他抬起左手,掌心烫得厉害。树形印记浮在皮肤下,根须状的线条微微跳动。他把碗里的热汤倒过去,浇在手上。烫感没退,反而更清晰了。
窗外传来一声巨响。
不是爆炸,也不是撞车。是金属被撕开的声音,又长又刺耳。沈案抬头,看见远处夜空里一道银光掠过,像刀划破布。接着是第二道、第三道,横七竖八地切开云层。
他掏出手机,屏幕刚亮,电话就响了。
厉战天打来的。
“哥。”厉战天声音很稳,“我刚才一拳打穿了靶场的主战坦克。”
沈案靠在椅背上,“哪部分?”
“正面装甲。
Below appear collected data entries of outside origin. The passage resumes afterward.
(* Let $b>0$, let $m\colon[0,+\infty)\to[0,+\infty)$ be an increasing function such that $m(t)\le Ct$ for all $t\ge0$ (for some constant $C$) and $m(t)=0$ for $t\in[0,b)$, and let $Q\colon[0,+\infty)\to[0,+\infty)$ be continuous with $Q(t)=O(t)$ as $t\to+\infty$. Then for every $N\ge0$ there exists $C_2\ge0$ such that for all $b\le r<R<+\infty$ $$\int_r^R\frac{Q(t)}{t^2}\,dm(t)\le C_2\int_r^R t^N\sup_{s\ge t}\frac{Q(s)}{s^{2+N}}\,dt+C_2.$$
   Context: The Stieltjes integral $\int_r^R\dots dm$ is taken over the interval $(r,R]$. *)

theory Defs
  imports "HOL-Analysis.Analysis" "HOL-Library.Landau_Symbols"
begin

text \<open>Right-continuous regularisation of an increasing function m defined on [0,+inf).
  For t < 0 the set contains 0, so (as m 0 = 0 and m is nonnegative) the value is 0.\<close>
definition right_reg :: "(real \<Rightarrow> real) \<Rightarrow> real \<Rightarrow> real" where
  "right_reg m t = Inf (m ` ({t<..} \<inter> {0..}))"

definition stieltjes_int :: "(real \<Rightarrow> real) \<Rightarrow> (real \<Rightarrow> real) \<Rightarrow> real \<Rightarrow> real \<Rightarrow> real" where
  "stieltjes_int m f r R =
     integral\<^sup>L (interval_measure (right_reg m)) (\<lambda>t. indicator {r<..R} t * f t)"

end

theory Submission
  imports Defs
begin

(* Let F be the right-continuous regularisation of m, so that the Stieltjes integral is an integral
   against the Lebesgue-Stieltjes measure of F, and let g t = sup {Q s / s^(2+N) | s >= t}, a
   decreasing function with Q t / t^2 <= t^N g t. Since s^N g s >= (t/2)^N g t on [t/2, t], the
   value t^N g t is at most 2^(N+1) / t times the integral of s^N g s over [t/2, t]. Integrating
   this against dF(t) and exchanging the order of integration (Tonelli), the inner integral over
   t in [s, 2s] is at most 2^(N+1) (F(2s) - F(s/2)) / s <= 2^(N+1) 4C by the linear growth of m.
   This leaves the integral of s^N g s over [r/2, R]; its part over [r/2, r] is bounded
   independently of r because Q s = O(s), so g s = O(s^-(1+N)). *)

lemma right_reg_le:
  assumes "\<And>t. 0 \<le> t \<Longrightarrow> 0 \<le> m t" and "x < u" "0 \<le> u"
  shows "right_reg m x \<le> m u"
  unfolding right_reg_def using assms by (intro cInf_lower) (auto simp: bdd_below_def)

lemma right_reg_nonneg:
  assumes m_nonneg: "\<And>t. 0 \<le> t \<Longrightarrow> 0 \<le> m t"
  shows "0 \<le> right_reg m x"
proof -
  have "max (x + 1) 0 \<in> {x<..} \<inter> {0..}" by auto
  then show ?thesis
    unfolding right_reg_def using m_nonneg by (intro cInf_greatest) auto
qed

lemma mono_right_reg:
  assumes m_nonneg: "\<And>t. 0 \<le> t \<Longrightarrow> 0 \<le> m t"
  shows "mono (right_reg m)"
proof
  fix x y :: real assume "x \<le> y"
  moreover have "max (y + 1) 0 \<in> {y<..} \<inter> {0..}" by auto
  ultimately show "right_reg m x \<le> right_reg m y"
    unfolding right_reg_def using m_nonneg
    by (intro cInf_superset_mono) (auto simp: bdd_below_def)
qed

lemma continuous_at_right_right_reg:
  assumes m_nonneg: "\<And>t. 0 \<le> t \<Longrightarrow> 0 \<le> m t"
  shows "continuous (at_right a) (right_reg m)"
  unfolding continuous_within
proof (rule tendstoI)
  fix e :: real assume "0 < e"
  have "max (a + 1) 0 \<in> {a<..} \<inter> {0..}" by auto
  moreover have "Inf (m ` ({a<..} \<inter> {0..})) < right_reg m a + e"
    using \<open>0 < e\<close> by (simp add: right_reg_def)
  ultimately obtain u where u: "a < u" "0 \<le> u" "m u < right_reg m a + e"
    by (auto dest!: cInf_lessD[rotated])
  have "\<forall>\<^sub>F y in at_right a. y \<in> {a<..<u}"
    using u by (intro eventually_at_right_real)
  then show "\<forall>\<^sub>F y in at_right a. dist (right_reg m y) (right_reg m a) < e"
  proof (rule eventually_mono)
    fix y assume y: "y \<in> {a<..<u}"
    have "right_reg m a \<le> right_reg m y"
      using y by (intro monoD[OF mono_right_reg[OF m_nonneg]]) auto
    moreover have "right_reg m y \<le> m u"
      using y u by (intro right_reg_le[OF m_nonneg]) auto
    ultimately show "dist (right_reg m y) (right_reg m a) < e"
      using u by (simp add: dist_real_def)
  qed
qed

lemma right_reg_dyadic_increment_le:
  assumes m_nonneg: "\<And>t. 0 \<le> t \<Longrightarrow> 0 \<le> m t" and m_le: "\<And>t. 0 \<le> t \<Longrightarrow> m t \<le> C * t"
    and "0 < s"
  shows "right_reg m (2 * s) - right_reg m (s/2) \<le> 4 * C * s"
  using right_reg_le[of m "2 * s" "4 * s"] right_reg_nonneg[of m "s/2"] m_nonneg m_le[of "4 * s"] \<open>0 < s\<close>
  by simp

lemma continuous_bigo_id_imp_linear_bound:
  fixes Q :: "real \<Rightarrow> real"
  assumes a: "0 < a" and Q_cont: "continuous_on {a..} Q" and Q_O: "Q \<in> O(\<lambda>t. t)"
  shows "\<exists>K\<ge>0. \<forall>s\<ge>a. Q s \<le> K * s"
proof -
  obtain c where c: "0 < c" "\<forall>\<^sub>F x in at_top. norm (Q x) \<le> c * norm x"
    using Q_O by (elim landau_o.bigE) auto
  then obtain x0 where x0: "\<And>x. x0 \<le> x \<Longrightarrow> \<bar>Q x\<bar> \<le> c * \<bar>x\<bar>"
    by (auto simp: eventually_at_top_linorder)
  have "continuous_on {a..max x0 a} Q"
    by (rule continuous_on_subset[OF Q_cont]) auto
  then obtain M where M: "\<And>s. s \<in> {a..max x0 a} \<Longrightarrow> Q s \<le> M"
    using continuous_attains_sup[of "{a..max x0 a}" Q] by fastforce
  have "Q s \<le> (c + max M 0 / a) * s" if "a \<le> s" for s
  proof (cases "s \<le> max x0 a")
    case True
    have "Q s \<le> max M 0 / a * a" using M[of s] True that a by auto
    also have "\<dots> \<le> (c + max M 0 / a) * s"
      using that a c by (intro mult_mono) auto
    finally show ?thesis .
  next
    case False
    then have "Q s \<le> c * s" using x0[of s] that a by (auto simp: abs_le_iff)
    also have "\<dots> \<le> (c + max M 0 / a) * s"
      using that a by (intro mult_right_mono) auto
    finally show ?thesis .
  qed
  moreover have "0 \<le> c + max M 0 / a"
    using a c by simp
  ultimately show ?thesis by blast
qed

lemma tail_sup_powr_quotient:
  fixes Q :: "real \<Rightarrow> real" and a K N :: real
  assumes a: "0 < a" and N: "0 \<le> N"
    and Q_nonneg: "\<And>s. a \<le> s \<Longrightarrow> 0 \<le> Q s" and Q_le: "\<And>s. a \<le> s \<Longrightarrow> Q s \<le> K * s"
  \<comment> \<open>The cut-off at a makes G antitone, hence Borel measurable, on the whole real line.\<close>
  defines "G \<equiv> \<lambda>t. SUP s\<in>{max t a..}. Q s / s powr (2 + N)"
  shows "antimono G" and "\<And>t. 0 \<le> G t" and "\<And>t. a \<le> t \<Longrightarrow> t powr N * G t \<le> K / t"
    and "\<And>t. a \<le> t \<Longrightarrow> Q t / t\<^sup>2 \<le> t powr N * G t"
proof -
  have K: "0 \<le> K"
    using order_trans[OF Q_nonneg Q_le, of a] a by (simp add: zero_le_mult_iff)
  have quotient_le: "Q s / s powr (2 + N) \<le> K / t powr (1 + N)" if "a \<le> t" "t \<le> s" for s t
  proof -
    have s: "0 < s" using that a by simp
    have "Q s / s powr (2 + N) \<le> K * s / s powr (2 + N)"
      using Q_le[of s] that by (intro divide_right_mono) auto
    also have "\<dots> = K / s powr (1 + N)"
      using s by (simp add: powr_add power2_eq_square)
    also have "\<dots> \<le> K / t powr (1 + N)"
      using that a K N by (intro divide_left_mono powr_mono2 mult_pos_pos) auto
    finally show ?thesis .
  qed
  have bdd: "bdd_above ((\<lambda>s. Q s / s powr (2 + N)) ` {max t a..})" for t
    using quotient_le[of "max t a"] unfolding bdd_above_def by fastforce
  have quotient_le_G: "Q s / s powr (2 + N) \<le> G t" if "max t a \<le> s" for s t
    unfolding G_def using bdd that by (intro cSUP_upper) auto
  show "antimono G"
  proof
    fix x y :: real assume "x \<le> y"
    then show "G y \<le> G x"
      unfolding G_def using bdd by (intro cSUP_subset_mono) auto
  qed
  show "0 \<le> G t" for t
    using order_trans[OF _ quotient_le_G[of t "max t a"]] Q_nonneg[of "max t a"] by simp
  show "t powr N * G t \<le> K / t" if "a \<le> t" for t
  proof -
    have "G t \<le> K / t powr (1 + N)"
      unfolding G_def using quotient_le that by (intro cSUP_least) auto
    then have "t powr N * G t \<le> t powr N * (K / t powr (1 + N))"
      by (intro mult_left_mono) auto
    also have "\<dots> = K / t"
      using that a by (simp add: powr_add)
    finally show ?thesis .
  qed
  show "Q t / t\<^sup>2 \<le> t powr N * G t" if "a \<le> t" for t
  proof -
    have "Q t / t\<^sup>2 = t powr N * (Q t / t powr (2 + N))"
      using that a by (simp add: powr_add powr_numeral)
    also have "\<dots> \<le> t powr N * G t"
      using quotient_le_G[of t t] that by (intro mult_left_mono) auto
    finally show ?thesis .
  qed
qed

lemma borel_measurable_antimono:
  fixes f :: "real \<Rightarrow> real"
  assumes "antimono f"
  shows "f \<in> borel_measurable borel"
proof -
  have "mono (\<lambda>x. - f x)"
    using assms by (auto simp: antimono_def mono_def)
  then have "(\<lambda>x. - (- f x)) \<in> borel_measurable borel"
    by (intro borel_measurable_uminus borel_measurable_mono)
  then show ?thesis by simp
qed

lemma interval_integral_nonneg:
  fixes f :: "real \<Rightarrow> real"
  assumes "a \<le> b" and "\<And>x. a \<le> x \<Longrightarrow> x \<le> b \<Longrightarrow> 0 \<le> f x"
  shows "0 \<le> (LBINT x=a..b. f x)"
  unfolding interval_integral_Icc[OF \<open>a \<le> b\<close>] set_lebesgue_integral_def
  using assms(2) by (intro integral_nonneg_AE) (auto simp: indicator_def)

lemma nn_integral_Icc_half_le:
  fixes \<psi> :: "real \<Rightarrow> real"
  assumes [measurable]: "\<psi> \<in> borel_measurable borel" and r: "0 < r" "r \<le> R"
    and \<psi>_nonneg: "\<And>s. r/2 \<le> s \<Longrightarrow> 0 \<le> \<psi> s" and \<psi>_le: "\<And>s. r/2 \<le> s \<Longrightarrow> \<psi> s \<le> K / s"
  shows "(\<integral>\<^sup>+s. ennreal (\<psi> s) * indicator {r/2..R} s \<partial>lborel) \<le> ennreal (K + (LBINT s=r..R. \<psi> s))"
proof -
  have K: "0 \<le> K"
    using order_trans[OF \<psi>_nonneg \<psi>_le, of r] r by (simp add: zero_le_divide_iff)
  have I_nonneg: "0 \<le> (LBINT s=r..R. \<psi> s)"
    using r \<psi>_nonneg by (intro interval_integral_nonneg) auto
  have "integrable lborel (\<lambda>s. indicator {r..R} s *\<^sub>R \<psi> s)"
  proof (rule integrableI_bounded_set_indicator[where B="K/r"])
    have "\<psi> s \<le> K / r" if "r \<le> s" for s
      using \<psi>_le[of s] divide_left_mono[OF that K] that r by simp
    then show "AE s in lborel. s \<in> {r..R} \<longrightarrow> norm (\<psi> s) \<le> K / r"
      using \<psi>_nonneg r by auto
  qed (use r in auto)
  then have I: "(\<integral>\<^sup>+s. ennreal (\<psi> s) * indicator {r..R} s \<partial>lborel) = ennreal (LBINT s=r..R. \<psi> s)"
    unfolding interval_integral_Icc[OF r(2)] set_lebesgue_integral_def
    using \<psi>_nonneg r
    by (subst nn_integral_eq_integral[symmetric])
       (auto intro!: nn_integral_cong AE_I2 simp: indicator_def)
  have "(\<integral>\<^sup>+s. ennreal (\<psi> s) * indicator {r/2..R} s \<partial>lborel)
      \<le> (\<integral>\<^sup>+s. ennreal (2 * K / r) * indicator {r/2..<r} s + ennreal (\<psi> s) * indicator {r..R} s \<partial>lborel)"
  proof (rule nn_integral_mono)
    fix s
    have "\<psi> s \<le> 2 * K / r" if "r/2 \<le> s"
    proof -
      have "\<psi> s \<le> K / s"
        using \<psi>_le[OF that] .
      also have "\<dots> \<le> K / (r/2)"
        using that K r by (intro divide_left_mono) auto
      also have "\<dots> = 2 * K / r"
        by simp
      finally show ?thesis .
    qed
    then show "ennreal (\<psi> s) * indicator {r/2..R} s
        \<le> ennreal (2 * K / r) * indicator {r/2..<r} s + ennreal (\<psi> s) * indicator {r..R} s"
      by (auto simp: indicator_def intro: ennreal_leI)
  qed
  also have "\<dots> = ennreal (2 * K / r) * ennreal (r - r/2) + ennreal (LBINT s=r..R. \<psi> s)"
    using r by (simp add: nn_integral_add nn_integral_cmult_indicator I)
  also have "ennreal (2 * K / r) * ennreal (r - r/2) = ennreal (2 * K / r * (r - r/2))"
    using r by (intro ennreal_mult''[symmetric]) simp
  also have "2 * K / r * (r - r/2) = K"
    using r by (simp add: field_simps)
  also have "ennreal K + ennreal (LBINT s=r..R. \<psi> s) = ennreal (K + (LBINT s=r..R. \<psi> s))"
    using K I_nonneg by simp
  finally show ?thesis .
qed

lemma powr_mult_le_dyadic_average:
  fixes G :: "real \<Rightarrow> real"
  assumes t: "0 < t" and N: "0 \<le> N" and G_nonneg: "0 \<le> G t"
    and G_le: "\<And>s. t/2 \<le> s \<Longrightarrow> s \<le> t \<Longrightarrow> G t \<le> G s"
  shows "ennreal (t powr N * G t)
    \<le> ennreal (2 powr (N + 1) / t) * (\<integral>\<^sup>+s. ennreal (s powr N * G s) * indicator {t/2..t} s \<partial>lborel)"
proof -
  have "ennreal ((t/2) powr N * G t) * ennreal (t/2)
      = (\<integral>\<^sup>+s. ennreal ((t/2) powr N * G t) * indicator {t/2..t} s \<partial>lborel)"
    using t by (simp add: nn_integral_cmult_indicator)
  also have "\<dots> \<le> (\<integral>\<^sup>+s. ennreal (s powr N * G s) * indicator {t/2..t} s \<partial>lborel)"
    using t N G_nonneg G_le
    by (intro nn_integral_mono) (auto simp: indicator_def intro!: ennreal_leI mult_mono powr_mono2)
  finally have average: "ennreal ((t/2) powr N * G t) * ennreal (t/2) \<le> \<dots>" .
  have "ennreal (t powr N * G t) = ennreal (2 powr (N + 1) / t * ((t/2) powr N * G t * (t/2)))"
    using t by (simp add: powr_add powr_divide field_simps)
  also have "\<dots> = ennreal (2 powr (N + 1) / t) * (ennreal ((t/2) powr N * G t) * ennreal (t/2))"
    using t G_nonneg by (simp add: ennreal_mult''[symmetric])
  also have "\<dots> \<le> ennreal (2 powr (N + 1) / t) * (\<integral>\<^sup>+s. ennreal (s powr N * G s) * indicator {t/2..t} s \<partial>lborel)"
    by (intro mult_left_mono average) simp
  finally show ?thesis .
qed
”
“赔钱从你房租扣。”
“问题是……我现在动不了。体内的劲一直在冲,像有东西在推我的骨头。”
沈案站起身,走到窗边。楼下街道上,一个练太极的老头正飘在半空,双手乱挥,嘴里喊着救命。旁边武馆的弟子们抱成一团在地上打滚,有人鼻孔流血,有人手指扭曲。
他又拨了个号。
苏红绫接得很快。
“你的剑现在在哪?”沈案问。
“我不知道!”她声音发紧,“它自己飞出去了!现在缠在一架客机尾翼上,航空局已经通知我家族!”
“占用公共设施,加收管理费。”沈案翻开小本子,“民航系统归市政管,这笔算物业代收。”
“你还有心思记账?!”
“我不记,谁付?”
电话挂了。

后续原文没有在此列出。